Rovereto, la seconda città dei Trentino per numero di abitanti, ma la prima per tradizioni di coltura e per importanza industriale, non soltanto ebbe danni immensi dalla guerra, ma fu anche completamente paralizzata in quello che era la vita sua vera: l’industria … Tutto ciò dava alla città una vita ed un’agiatezza veramente straordinarie; e vita ordinatissima, perchè i roveretani sapevano attivamente lavorare e decorosamente divertirsi, e per mantenere la pubblica sicurezza bastavano due o tre guardie municipali; ed il patriottismo vivo, vigile ed indomabile. Venne la guerra; l’intera popolazione fu fatta sgombrare (per nove decimi il 25 maggio, per il resto il 5 agosto, tranne l’ospedale partito il 9), e la città restò in piena balia degli Austriaci; e cominciò allora il saccheggio ordinato, sistematico, sapiente. E quanqo i cittadini, nella immensa gioia della liberazione, poterono ritornare, trovarono tutti i quartieri, senza eccezione, spogliati anche dai
mobili più indispensabili: mancavano i letti, i sacconi, la biancheria, le stoviglie; le stanze e le cucine non avevano vetri, non maniglie alle porte, non serrature, non chiavistelli; asportate o rotte le stufe; strappate le condutture elettriche e del gas e rovinate persino quelle dell’acqua potabile; e da per tutto immondizia e luridume, col relativo esecrato odore dell’Austria, cadavere putrefatto. Nè si creda che tutta la roba rubata sia passata dì là dal Brennero! Durante la guerra vi furono contadini dei paesi vicini che strinsero amicizia e relazioni di affari coi vandali predoni; dopo la guerra si fece
un’inchiesta con relative ricerche; ed in qualche casa si trovarono centinaia di lenzuola e ricchi corredi di finissima biancheria, e pizzi e vestiti diversi da signora (…)
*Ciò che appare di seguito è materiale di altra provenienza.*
lemma Pi_pmf_sum_lower_tail:
  fixes X :: "'i \<Rightarrow> 'b \<Rightarrow> real"
  assumes "finite A" "0 < b" "\<And>i y. i \<in> A \<Longrightarrow> 0 \<le> X i y" "\<And>i y. i \<in> A \<Longrightarrow> X i y \<le> b"
    and "\<mu> = (\<Sum>i\<in>A. measure_pmf.expectation (P i) (X i))" "\<mu> \<le> M" "0 < M" "0 < l"
  shows "measure_pmf.prob (Pi_pmf A d P) {y. (\<Sum>i\<in>A. X i (y i)) \<le> \<mu> - l}
           \<le> exp (- (l\<^sup>2 / (2 * b * (M + l / 3))))"
proof -
  define x where "x = l / (M + l / 3)"
  define S where "S = (\<lambda>y. \<Sum>i\<in>A. X i (y i))"
  have "0 < x" using assms by (simp add: x_def)
  have "0 \<le> \<mu>"
    unfolding assms(5) by (intro sum_nonneg Bochner_Integration.integral_nonneg) (use assms in auto)
  have "integrable (Pi_pmf A d P) (\<lambda>y. exp (- (x / b) * S y))"
    unfolding S_def by (rule integrable_exp_sum_Pi_pmf) (use assms in auto)
  then have "measure_pmf.prob (Pi_pmf A d P) {y. S y \<le> \<mu> - l}
      \<le> exp (x / b * (\<mu> - l)) * measure_pmf.expectation (Pi_pmf A d P) (\<lambda>y. exp (- (x / b) * S y))"
    using measure_pmf.Chernoff_ineq_le[where A=UNIV and s="x / b" and f=S and a="\<mu> - l" and M="Pi_pmf A d P"]
      \<open>0 < x\<close> assms(2) by (simp add: set_integrable_def set_lebesgue_integral_def)
  also have "\<dots> \<le> exp (x / b * (\<mu> - l)) * exp (\<mu> * (exp (- (x / b) * b) - 1) / b)"
    unfolding S_def assms(5) by (intro mult_left_mono expectation_exp_sum_Pi_pmf_le) (use assms in auto)
  also have "\<dots> = exp ((\<mu> * (exp (- x) - 1 + x) - x * l) / b)"
    using assms(2) by (simp add: field_simps flip: exp_add)
  also have "\<dots> \<le> exp ((\<mu> * (exp x - 1 - x) - x * l) / b)"
    using exp_neg_minus_one_plus_le[of x] \<open>0 < x\<close> \<open>0 \<le> \<mu>\<close> assms(2)
    by (simp add: divide_right_mono mult_left_mono)
  also have "\<dots> \<le> exp (- (l\<^sup>2 / (2 * b * (M + l / 3))))"
    using Bernstein_exponent_le[OF assms(2) \<open>0 \<le> \<mu>\<close> assms(6-8) x_def] by simp
  finally show ?thesis unfolding S_def .
qed

theorem Pi_pmf_sum_Bernstein:
  fixes X :: "'i \<Rightarrow> 'b \<Rightarrow> real"
  assumes "finite A" "0 < b" "\<And>i y. i \<in> A \<Longrightarrow> 0 \<le> X i y" "\<And>i y. i \<in> A \<Longrightarrow> X i y \<le> b"
    and "\<mu> = (\<Sum>i\<in>A. measure_pmf.expectation (P i) (X i))" "\<mu> \<le> M" "0 < M" "0 < l"
  shows "measure_pmf.prob (Pi_pmf A d P) {y. l \<le> \<bar>(\<Sum>i\<in>A. X i (y i)) - \<mu>\<bar>}
           \<le> 2 * exp (- (l\<^sup>2 / (2 * b * (M + l / 3))))"
proof -
  let ?Q = "Pi_pmf A d P" and ?S = "\<lambda>y. \<Sum>i\<in>A. X i (y i)"
  have "measure_pmf.prob ?Q {y. l \<le> \<bar>?S y - \<mu>\<bar>}
      \<le> measure_pmf.prob ?Q ({y. \<mu> + l \<le> ?S y} \<union> {y. ?S y \<le> \<mu> - l})"
    by (intro measure_pmf.finite_measure_mono) auto
  also have "\<dots> \<le> measure_pmf.prob ?Q {y. \<mu> + l \<le> ?S y} + measure_pmf.prob ?Q {y. ?S y \<le> \<mu> - l}"
    by (rule measure_Un_le) auto
  finally show ?thesis
    using Pi_pmf_sum_upper_tail[OF assms, of d] Pi_pmf_sum_lower_tail[OF assms, of d] by linarith
qed

section \<open>The FORA estimator\<close>

lemma expectation_if_eq:
  fixes k :: real
  shows "measure_pmf.expectation Q (\<lambda>w. if w = t then k else 0) = k * pmf Q t"
proof -
  have "(\<lambda>w. if w = t then k else 0) = (\<lambda>w. k * indicator {t} w)"
    by (auto simp: indicator_def)
  then show ?thesis by (simp add: measure_pmf_single)
qed

text \<open>With \<open>\<omega> = r_sum * c\<close>, node \<open>v\<close> launches \<open>\<lceil>r(v) * c\<rceil>\<close> walks, and every walk from \<open>v\<close>
  that ends at the target adds \<open>r(v) / \<lceil>r(v) * c\<rceil> \<le> 1 / c\<close> to the estimate.\<close>

definition fora_walks :: "'a set \<Rightarrow> ('a \<Rightarrow> real) \<Rightarrow> real \<Rightarrow> ('a \<times> nat) set" where
  "fora_walks V r c = Sigma {v \<in> V. 0 < r v} (\<lambda>v. {..<nat \<lceil>r v * c\<rceil>})"

lemma finite_fora_walks: "finite V \<Longrightarrow> finite (fora_walks V r c)"
  by (simp add: fora_walks_def)

lemma fora_pmf_eq_map_Pi_pmf:
  assumes "finite V" "\<And>v. 0 \<le> r v" "0 < c"
  shows "fora_pmf \<alpha> N V p r ((\<Sum>v\<in>V. r v) * c) =
    map_pmf (\<lambda>W t. p t + (\<Sum>(v, j)\<in>fora_walks V r c. if W (v, j) = t then r v / nat \<lceil>r v * c\<rceil> else 0))
      (Pi_pmf (fora_walks V r c) undefined (\<lambda>(v, j). rwr_pmf \<alpha> N v))"
proof -
  define rsum where "rsum = (\<Sum>v\<in>V. r v)"
  have rsum_pos: "0 < rsum" if "v \<in> V" "0 < r v" for v
    using member_le_sum[of v V r] that assms(1,2) unfolding rsum_def by fastforce
  have count: "r v * (rsum * c) / rsum = r v * c"
    and weight: "r v / rsum * (rsum * c / nat \<lceil>r v * (rsum * c) / rsum\<rceil>) * rsum / (rsum * c)
                   = r v / nat \<lceil>r v * c\<rceil>"
    if "v \<in> V" "0 < r v" for v
    using rsum_pos[OF that] assms(3) by simp_all
  have walks: "{(v, j). v \<in> {v \<in> V. 0 < r v} \<and> j < nat \<lceil>r v * (rsum * c) / rsum\<rceil>} = fora_walks V r c"
    using count by (auto simp: fora_walks_def)
  show ?thesis
    unfolding fora_pmf_def Let_def rsum_def[symmetric] walks
    by (intro map_pmf_cong ext arg_cong2[where f = "(+)"] sum.cong refl)
       (auto simp: fora_walks_def weight dest: rsum_pos)
qed

lemma fora_pmf_deviation_bound:
  fixes c l \<pi> :: real
  assumes "finite V" "\<And>v. 0 \<le> r v" "0 \<le> p t" "\<pi> = p t + (\<Sum>v\<in>V. r v * ppr \<alpha> N v t)"
    and "0 < \<pi>" "0 < c" "0 < l"
  shows "measure_pmf.prob (fora_pmf \<alpha> N V p r ((\<Sum>v\<in>V. r v) * c)) {est. l \<le> \<bar>\<pi> - est t\<bar>}
         \<le> 2 * exp (- (c * l\<^sup>2 / (2 * (\<pi> + l / 3))))"
proof -
  let ?I = "fora_walks V r c" and ?P = "\<lambda>(v, j). rwr_pmf \<alpha> N v"
  define X where "X = (\<lambda>(v, j :: nat) w. if w = t then r v / nat \<lceil>r v * c\<rceil> else 0)"
  define \<mu> where "\<mu> = (\<Sum>v\<in>V. r v * ppr \<alpha> N v t)"
  have walks_pos: "0 < r v * c" "r v * c \<le> nat \<lceil>r v * c\<rceil>" if "(v, j) \<in> ?I" for v j
    using that assms(6) by (auto simp: fora_walks_def)
  have X_bounds: "0 \<le> X i w \<and> X i w \<le> 1 / c" if "i \<in> ?I" for i w
  proof -
    obtain v j where "i = (v, j)" by fastforce
    with that show ?thesis
      using walks_pos[of v j] assms(2,6) by (auto simp: X_def field_simps)
  qed
  have "(\<Sum>i\<in>?I. measure_pmf.expectation (?P i) (X i))
      = (\<Sum>v\<in>{v \<in> V. 0 < r v}. \<Sum>j<nat \<lceil>r v * c\<rceil>. r v / nat \<lceil>r v * c\<rceil> * ppr \<alpha> N v t)"
    unfolding fora_walks_def using assms(1)
    by (subst sum.Sigma) (auto simp: X_def ppr_def expectation_if_eq intro!: sum.cong)
  also have "\<dots> = (\<Sum>v\<in>{v \<in> V. 0 < r v}. r v * ppr \<alpha> N v t)"
  proof (intro sum.cong refl)
    fix v assume "v \<in> {v \<in> V. 0 < r v}"
    then have "0 < r v * c" using assms(6) by simp
    then show "(\<Sum>j<nat \<lceil>r v * c\<rceil>. r v / nat \<lceil>r v * c\<rceil> * ppr \<alpha> N v t) = r v * ppr \<alpha> N v t"
      using le_of_int_ceiling[of "r v * c"] by (auto simp del: le_of_int_ceiling)
  qed
  also have "\<dots> = \<mu>"
    unfolding \<mu>_def using assms(1,2) by (intro sum.mono_neutral_left) (auto simp: less_le)
  finally have mean: "\<mu> = (\<Sum>i\<in>?I. measure_pmf.expectation (?P i) (X i))" ..
  have "measure_pmf.prob (fora_pmf \<alpha> N V p r ((\<Sum>v\<in>V. r v) * c)) {est. l \<le> \<bar>\<pi> - est t\<bar>}
      = measure_pmf.prob (Pi_pmf ?I undefined ?P) {W. l \<le> \<bar>(\<Sum>i\<in>?I. X i (W i)) - \<mu>\<bar>}"
    unfolding fora_pmf_eq_map_Pi_pmf[OF assms(1,2,6)] measure_map_pmf assms(4) \<mu>_def[symmetric]
    by (intro arg_cong[where f = "measure_pmf.prob _"]) (auto simp: X_def case_prod_unfold)
  also have "\<dots> \<le> 2 * exp (- (l\<^sup>2 / (2 * (1 / c) * (\<pi> + l / 3))))"
    using X_bounds assms(3-7)
    by (intro Pi_pmf_sum_Bernstein assms(1) finite_fora_walks mean) (auto simp: \<mu>_def)
  also have "\<dots> = 2 * exp (- (c * l\<^sup>2 / (2 * (\<pi> + l / 3))))"
    by simp
  finally show ?thesis .
qed

lemma fora_failure_probability_le:
  fixes \<epsilon> \<delta> \<pi> pf :: real
  assumes "0 < \<epsilon>" "0 < \<delta>" "\<delta> < \<pi>" "0 < pf" "pf \<le> 2"
  shows "2 * exp (- ((2 * \<epsilon> / 3 + 2) * ln (2 / pf) / (\<epsilon>\<^sup>2 * \<delta>) * (\<epsilon> * \<pi>)\<^sup>2
                    / (2 * (\<pi> + \<epsilon> * \<pi> / 3)))) \<le> pf"
proof -
  have "0 \<le> ln (2 / pf)" using assms(4,5) by simp
  have "2 * (\<pi> + \<epsilon> * \<pi> / 3) = \<pi> * (2 * \<epsilon> / 3 + 2)"
    by (simp add: algebra_simps)
  moreover have "0 < 2 * \<epsilon> / 3 + 2" "0 < \<pi>" using assms(1-3) by simp_all
  ultimately have "(2 * \<epsilon> / 3 + 2) * ln (2 / pf) / (\<epsilon>\<^sup>2 * \<delta>) * (\<epsilon> * \<pi>)\<^sup>2 / (2 * (\<pi> + \<epsilon> * \<pi> / 3))
      = \<pi> / \<delta> * ln (2 / pf)"
    using assms(1,2) by (simp add: power2_eq_square)
  also have "\<dots> \<ge> ln (2 / pf)"
    using mult_right_mono[of 1 "\<pi> / \<delta>" "ln (2 / pf)"] assms(2,3) \<open>0 \<le> ln (2 / pf)\<close> by simp
  finally have "2 * exp (- ((2 * \<epsilon> / 3 + 2) * ln (2 / pf) / (\<epsilon>\<^sup>2 * \<delta>) * (\<epsilon> * \<pi>)\<^sup>2
                    / (2 * (\<pi> + \<epsilon> * \<pi> / 3)))) \<le> 2 * exp (- ln (2 / pf))"
    by simp
  also have "\<dots> = pf" using assms(4) by (simp add: exp_minus)
  finally show ?thesis .
qed

theorem lemma3p3:
  fixes V :: "'a set" and N :: "'a \<Rightarrow> 'a set" and s :: 'a
    and \<alpha> rmax \<epsilon> \<delta> pf :: real
    and p r :: "'a \<Rightarrow> real"
  assumes "finite V"
    and "\<forall>v\<in>V. N v \<subseteq> V \<and> N v \<noteq> {}"
    and "0 < \<alpha>" and "\<alpha> < 1"
    and "s \<in> V" and "rmax > 0" and "\<epsilon> > 0"
    and "0 < \<delta>" and "\<delta> \<le> 1"
    and "0 < pf" and "pf < 1"
    and "fp_result \<alpha> N V rmax s (p, r)"
  shows "\<forall>t\<in>V. ppr \<alpha> N s t > \<delta> \<longrightarrow>
     measure_pmf.prob
       (fora_pmf \<alpha> N V p r
          ((\<Sum>v\<in>V. r v) * ((2 * \<epsilon> / 3 + 2) * ln (2 / pf) / (\<epsilon>\<^sup>2 * \<delta>))))
       {est. \<bar>ppr \<alpha> N s t - est t\<bar> \<le> \<epsilon> * ppr \<alpha> N s t} \<ge> 1 - pf"
proof (intro ballI impI)
  fix t assume "\<delta> < ppr \<alpha> N s t"
  let ?\<pi> = "ppr \<alpha> N s t" and ?c = "(2 * \<epsilon> / 3 + 2) * ln (2 / pf) / (\<epsilon>\<^sup>2 * \<delta>)"
  let ?Q = "fora_pmf \<alpha> N V p r ((\<Sum>v\<in>V. r v) * ?c)"
  have "fp_invariant \<alpha> N V s (p, r)"
    using fp_result_invariant assms(1-5,12) .
  then have decomp: "\<And>v. 0 \<le> r v" "0 \<le> p t" "?\<pi> = p t + (\<Sum>v\<in>V. r v * ppr \<alpha> N v t)"
    by auto
  have "0 < ln (2 / pf)" using assms(10,11) by simp
  then have "0 < ?c" using assms(7,8) by simp
  have "measure_pmf.prob ?Q {est. \<epsilon> * ?\<pi> \<le> \<bar>?\<pi> - est t\<bar>}
      \<le> 2 * exp (- (?c * (\<epsilon> * ?\<pi>)\<^sup>2 / (2 * (?\<pi> + \<epsilon> * ?\<pi> / 3))))"
    using \<open>\<delta> < ?\<pi>\<close> assms(7,8)
    by (intro fora_pmf_deviation_bound assms(1) decomp \<open>0 < ?c\<close>) simp_all
  also have "\<dots> \<le> pf"
    using fora_failure_probability_le[OF assms(7,8) \<open>\<delta> < ?\<pi>\<close> assms(10)] assms(11) by simp
  finally have "measure_pmf.prob ?Q {est. \<not> \<bar>?\<pi> - est t\<bar> \<le> \<epsilon> * ?\<pi>} \<le> pf"
    by (rule order.trans[rotated, OF _ measure_pmf.finite_measure_mono]) auto
  then show "1 - pf \<le> measure_pmf.prob ?Q {est. \<bar>?\<pi> - est t\<bar> \<le> \<epsilon> * ?\<pi>}"
    using measure_pmf.prob_neg[of ?Q "\<lambda>est. \<bar>?\<pi> - est t\<bar> \<le> \<epsilon> * ?\<pi>"] by simp
qed

end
La rappresentanza cittadina trovò dopo il 3 novembre la già fiorente città; osò chiedere al Governo in prestito due milioni … e si vide arrivare 2000 lire; per pagare gli operai per i lavori più urgenti, dovette anticipare qualche centinaio di lire questo o quello dei rappresentanti comunali; sino a che da una Banca di Verona si poterono ottenere, colle firme dei rappresentanti stessi, L. 60.000. Si presentarono e reiterarono domande al Governo ed al Governatorato (che, pur troppo, non somo la stessa cosa) perchè venissero ufficialmente rilevati i danni cagionati alle singole industrie, e si anticipasse una percentuale sugli indennizzi, per riattivare almeno quelle industrie che occupano un grande numero di operai e non si ottenne risposta; e gli industriali, completamente rovinati, si sentirono rispondere che ci vuole pazienza, buona volontà e aiutarsi da sè !
Ottone Brentari, nato a Strigno nel 1852, geografo e storico, insegnante e giornalista fu un fervente irredentista; pare però che dopo la “redenzione” sia stato colpito da un tardivo quanto ormai inutile “semi-pentimento“.
Dopo aver dedicato la nostra rubrica mensile al suo scritto “L’allegra agonia del Trentino”, proponiamo ora alcuni estratti da “Le rovine della guerra” , un’articolata relazione redatta nella primavera del 1919, dopo aver ispezionato in lungo e in largo la zona del fronte e completato l’inchiesta affidatagli dalla Lega Nazionale.
Riteniamo sia una lettura davvero istruttiva e illuminante… chi volesse leggere la pubblicazione in forma intregrale, può trovarla in diverse biblioteche della provincia; trattandosi di un libro ‘antico’, solitamente non è possibile averlo in prestito, ma solo consultarlo sul posto.